Prep: 10 min • Cook: 20 min • Ready in: 30 min

To prepare the polenta, place the cup of polenta into a small bowl and add a cup of cold water, stir to mix. Bring 3 cups of water to boil in a 2 quart saucepan, toss in 1 teaspoon salt and carefully pour in the polenta slurry. Stir to prevent lumps forming and bring to a boil. Reduce heat to lowest setting and cover pot while you prepare the herb butter. Mash the butter with the tines of a fork until it is malleable. Work in the chopped herbs and some cracked pepper. Once combined begin adding to the polenta in nut sized pieces, stir well after each addition until all the butter has been incorporated and serve it forth.

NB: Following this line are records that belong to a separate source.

theorem proposition9:
  fixes \<pi>1 \<pi>2 :: "nat list"
  assumes "is_perm \<pi>1" and "is_perm \<pi>2"
  shows "(\<pi>1 \<noteq> [] \<and> \<pi>2 \<noteq> [] \<longrightarrow>
           (\<forall>i. 1 \<le> i \<and> i \<le> slmax \<pi>2 \<longrightarrow>
              lmax (C1 \<pi>1 \<pi>2) = lmax \<pi>1 + 1 \<and> lmax (C2 \<pi>1 \<pi>2 i) = lmax \<pi>1 + 1 \<and>
              rmax (C1 \<pi>1 \<pi>2) = 1 + rmax \<pi>2 \<and> rmax (C2 \<pi>1 \<pi>2 i) = 1 + rmax \<pi>2 \<and>
              asc (C1 \<pi>1 \<pi>2) = asc \<pi>1 + 1 + asc \<pi>2 \<and>
              asc (C2 \<pi>1 \<pi>2 i) = asc \<pi>1 + 1 + asc \<pi>2 \<and>
              des (C1 \<pi>1 \<pi>2) = des \<pi>1 + 1 + des \<pi>2 \<and>
              des (C2 \<pi>1 \<pi>2 i) = des \<pi>1 + 1 + des \<pi>2 \<and>
              length (C1 \<pi>1 \<pi>2) = length \<pi>1 + 1 + length \<pi>2 \<and>
              length (C2 \<pi>1 \<pi>2 i) = length \<pi>1 + 1 + length \<pi>2 \<and>
              sldes (C1 \<pi>1 \<pi>2) = sldes \<pi>1 + sldes \<pi>2 \<and>
              sldes (C2 \<pi>1 \<pi>2 i) = sldes \<pi>1 + sldes \<pi>2 + 1))
       \<and> (\<pi>1 = [] \<or> \<pi>2 = [] \<longrightarrow>
              lmax (C1 \<pi>1 \<pi>2) = lmax \<pi>1 + 1 \<and>
              rmax (C1 \<pi>1 \<pi>2) = 1 + rmax \<pi>2 \<and>
              asc (C1 \<pi>1 \<pi>2) = (if \<pi>1 = [] then asc \<pi>2 else asc \<pi>1 + 1 + asc \<pi>2) \<and>
              des (C1 \<pi>1 \<pi>2) = (if \<pi>2 = [] then des \<pi>1 else des \<pi>1 + 1 + des \<pi>2) \<and>
              length (C1 \<pi>1 \<pi>2) = length \<pi>1 + 1 + length \<pi>2 \<and>
              sldes (C1 \<pi>1 \<pi>2) = sldes \<pi>1 + sldes \<pi>2)"
  using stats_C1[OF assms] stats_C2[OF assms] by auto

end
text \<open>The \<open>e\<^sub>j\<close>-component of \<open>d (w \<and> e\<^sub>j)\<close> is \<open>d w\<close>, which cancels that of \<open>z\<close>.\<close>
lemma kcycles_diff_kdiff_kwedge:
  assumes "finite B" "\<forall>b\<in>B. b < j"
    and z: "z \<in> kcycles scale y (insert j B) (Suc n)"
    and w: "w \<in> kchain B (Suc n)" "kpart scale j (insert j B) z = kdiff scale y B w"
  shows "(\<lambda>S. z S - kdiff scale y (insert j B) (kwedge j w) S) \<in> kcycles scale y B (Suc n)"
    (is "?z' \<in> _")
proof -
  let ?u = "kdiff scale y (insert j B) (kwedge j w)"
  have jB: "j \<notin> B" using assms(2) by auto
  have zc: "z \<in> kchain (insert j B) (Suc n)" and zd: "kdiff scale y (insert j B) z = (\<lambda>_. 0)"
    using z by (auto simp: kcycles_def)
  have uc: "?u \<in> kchain (insert j B) (Suc n)"
    by (intro kdiff_kchain kwedge_kchain assms(1) jB w(1))
  have u_at_insert: "?u (insert j T) = z (insert j T)" if "T \<subseteq> B" for T
    using kdiff_kwedge_at_insert[OF assms(2) that] fun_cong[OF w(2), of T]
      kpart_insert_max[OF assms(2) that] by simp
  have z'c: "?z' \<in> kchain B (Suc n)"
    unfolding kchain_def
  proof (intro CollectI allI impI)
    fix S assume S: "z S - ?u S \<noteq> 0"
    hence "S \<subseteq> insert j B" "card S = Suc n"
      using kchain_diff[OF zc uc] unfolding kchain_def by blast+
    moreover have "j \<notin> S"
    proof
      assume "j \<in> S"
      hence "S = insert j (S - {j})" by blast
      with u_at_insert[of "S - {j}"] S \<open>S \<subseteq> insert j B\<close> show False by auto
    qed
    ultimately show "S \<subseteq> B \<and> card S = Suc n" by blast
  qed
  have "kdiff scale y B ?z' T = 0" for T
  proof (cases "T \<subseteq> B")
    case True
    have "finite T" "j \<notin> T" using True assms(1) jB finite_subset by auto
    have "kdiff scale y B ?u T = kdiff scale y B (\<lambda>S. ((-1) ^ Suc n * y j) *s w S) T"
      using kdiff_kwedge_below[OF assms(1,2)] kchain_sign[OF w(1)] by (intro kdiff_cong True) simp
    also have "\<dots> = ((-1) ^ Suc n * y j) *s z (insert j T)"
      unfolding kdiff_scale using fun_cong[OF w(2), of T] kpart_insert_max[OF assms(2) True] by simp
    also have "\<dots> = - (((-1) ^ card T * y j) *s z (insert j T))"
      using kchain_sign_insert[OF zc \<open>finite T\<close> \<open>j \<notin> T\<close>, of "- y j"] by simp
    also have "\<dots> = kdiff scale y B z T"
      using kdiff_insert_max[OF assms(1,2) True, where c=z and y=y] zd
      by (simp add: neg_eq_iff_add_eq_0 add.commute)
    finally show ?thesis by (simp add: kdiff_diff)
  qed (rule kdiff_kchain_eq_0_outside[OF z'c])
  with z'c show ?thesis by (simp add: kcycles_def fun_eq_iff)
qed

lemma kbounds_if_kpart_kbounds:
  assumes "finite A" "khom_annihilated_above scale y A n"
    and "z \<in> kcycles scale y A (Suc n)"
    and "\<forall>k\<in>A. kpart scale k A z \<in> kbounds scale y (A - {k}) n"
  shows "z \<in> kbounds scale y A (Suc n)"
  using assms
proof (induction A arbitrary: z rule: finite_linorder_max_induct)
  case empty
  hence "z \<in> kchain {} (Suc n)" by (simp add: kcycles_def)
  hence "z = (\<lambda>_. 0)" by (rule kchain_empty_Suc)
  thus ?case by (simp add: kbounds_zero)
next
  case (insert j B)
  let ?A = "insert j B"
  note annihilated = insert.prems(1)
  have AB: "?A - {j} = B" using insert.hyps(2) by auto
  obtain w where w: "w \<in> kchain B (Suc n)" "kpart scale j ?A z = kdiff scale y B w"
    using insert.prems(3) AB by (auto simp: kbounds_def)
  define u where "u = kdiff scale y ?A (kwedge j w)"
  have u: "u \<in> kbounds scale y ?A (Suc n)"
    unfolding u_def kbounds_def using insert.hyps w(1) by (auto intro: kwedge_kchain)
  define z' where "z' = (\<lambda>S. z S - u S)"
  have z': "z' \<in> kcycles scale y B (Suc n)"
    unfolding z'_def u_def using insert.hyps insert.prems(2) w by (rule kcycles_diff_kdiff_kwedge)
  have "kpart scale k B z' \<in> kbounds scale y (B - {k}) n" if k: "k \<in> B" for k
  proof (rule kpart_kbounds_of_kbounds_insert_max[OF insert.hyps k])
    show "\<forall>v\<in>kcycles scale y (B - {k}) n. (\<lambda>S. y j *s v S) \<in> kbounds scale y (B - {k}) n"
      using annihilated[unfolded khom_annihilated_above_def, rule_format, of "B - {k}" j]
        insert.hyps(2) by blast
    show "z' \<in> kchain B (Suc n)" using z' by (simp add: kcycles_def)
    have "kpart scale k ?A u \<in> kbounds scale y (?A - {k}) n"
      using insert.hyps(1) k by (intro kpart_kbounds u) auto
    with insert.prems(3) k show "kpart scale k ?A z' \<in> kbounds scale y (?A - {k}) n"
      unfolding z'_def kpart_diff by (intro kbounds_diff) auto
  qed
  moreover have "khom_annihilated_above scale y B n"
    using annihilated by (rule khom_annihilated_above_subset) auto
  ultimately have "z' \<in> kbounds scale y B (Suc n)"
    using insert.IH z' by blast
  with insert.hyps(1) have "z' \<in> kbounds scale y ?A (Suc n)"
    using kbounds_mono[OF _ subset_insertI] by blast
  from kbounds_add[OF this u] show ?case unfolding z'_def by simp
qed

lemma inj_on_kbd:
  assumes "finite A" "khom_annihilated_above scale y A n"
  shows "inj_on (kbd scale y A n) (khom scale y A (Suc n))"
proof (rule inj_onI)
  fix h h' assume "h \<in> khom scale y A (Suc n)" "h' \<in> khom scale y A (Suc n)"
    and eq: "kbd scale y A n h = kbd scale y A n h'"
  then obtain z z' where z: "z \<in> kcycles scale y A (Suc n)" "h = kclass scale y A (Suc n) z"
    and z': "z' \<in> kcycles scale y A (Suc n)" "h' = kclass scale y A (Suc n) z'"
    by (auto simp: khom_def)
  have "kpart scale k A (\<lambda>S. z S - z' S) \<in> kbounds scale y (A - {k}) n" if k: "k \<in> A" for k
  proof -
    have "kconn scale y A n k h = kconn scale y A n k h'"
      using fun_cong[OF eq, of k] k by (simp add: kbd_def)
    thus ?thesis
      using kconn_kclass[OF assms(1) k z(1)] kconn_kclass[OF assms(1) k z'(1)] z(2) z'(2)
      by (simp add: kclass_eq_iff kpart_diff)
  qed
  hence "(\<lambda>S. z S - z' S) \<in> kbounds scale y A (Suc n)"
    using kbounds_if_kpart_kbounds[OF assms kcycles_diff[OF z(1) z'(1)]] by blast
  thus "h = h'" using z(2) z'(2) by (simp add: kclass_eq_iff)
qed

end

theorem lemma2p1:
  fixes scale :: "'a::comm_ring_1 \<Rightarrow> 'b::ab_group_add \<Rightarrow> 'b"
    and y :: "nat \<Rightarrow> 'a" and r i :: nat
  assumes "module scale"
    and "0 < i"
    and "\<forall>A s. A \<subseteq> {1..r} \<and> (\<forall>a\<in>A. a < s) \<and> 1 \<le> s \<and> s \<le> r \<longrightarrow>
           (\<forall>z \<in> kcycles scale y A i.
              kclass scale y A i (\<lambda>S. scale (y s) (z S)) = kclass scale y A i (\<lambda>_. 0))"
  shows "\<forall>A. A \<subseteq> {1..r} \<longrightarrow> inj_on (kbd scale y A i) (khom scale y A (Suc i))"
proof (intro allI impI)
  interpret module scale by fact
  fix A assume A: "A \<subseteq> {1..r}"
  have "finite A" using A finite_subset by blast
  moreover have "khom_annihilated_above scale y A i"
    unfolding khom_annihilated_above_def
  proof (intro allI impI ballI)
    fix B s v assume "B \<subseteq> A" "s \<in> A" "\<forall>b\<in>B. b < s" "v \<in> kcycles scale y B i"
    with A assms(3) have "kclass scale y B i (\<lambda>S. scale (y s) (v S)) = kclass scale y B i (\<lambda>_. 0)"
      by (meson atLeastAtMost_iff subsetD order.trans)
    thus "(\<lambda>S. scale (y s) (v S)) \<in> kbounds scale y B i" by (simp add: kclass_eq_iff)
  qed
  ultimately show "inj_on (kbd scale y A i) (khom scale y A (Suc i))" by (rule inj_on_kbd)
qed

end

Recipe from the Roan Mills test kitchen

Soft Polenta cooked in Milk with Maple Syrup

Polenta is a wonderful breakfast dish and is particularly popular with children. Also, this recipe can be poured onto a sheet pan and left to set up. Once firm it can be cut into pieces and served topped with fresh strawberries and cream for a simple and satisfying dessert.

Ingredients

Serves 6-8 people

  • 1 cup Roan Mills Polenta

  • 4 cups milk plus extra for serving

  • Maple syrup to taste

Preparation

Prep: 5 min • Cook: 25 min • Ready in: 30 min

To prepare the polenta, place the cup of polenta into a small bowl and add a cup of cold milk, stir to mix. Bring 3 cups of milk to boil in a 2 quart saucepan, stirring constantly, turn heat to medium and carefully pour in the polenta slurry. Stir to prevent lumps forming and cook until thick, about 7 minutes. Serve in bowls and pour over the top a little cold milk and a drizzle of maple syrup.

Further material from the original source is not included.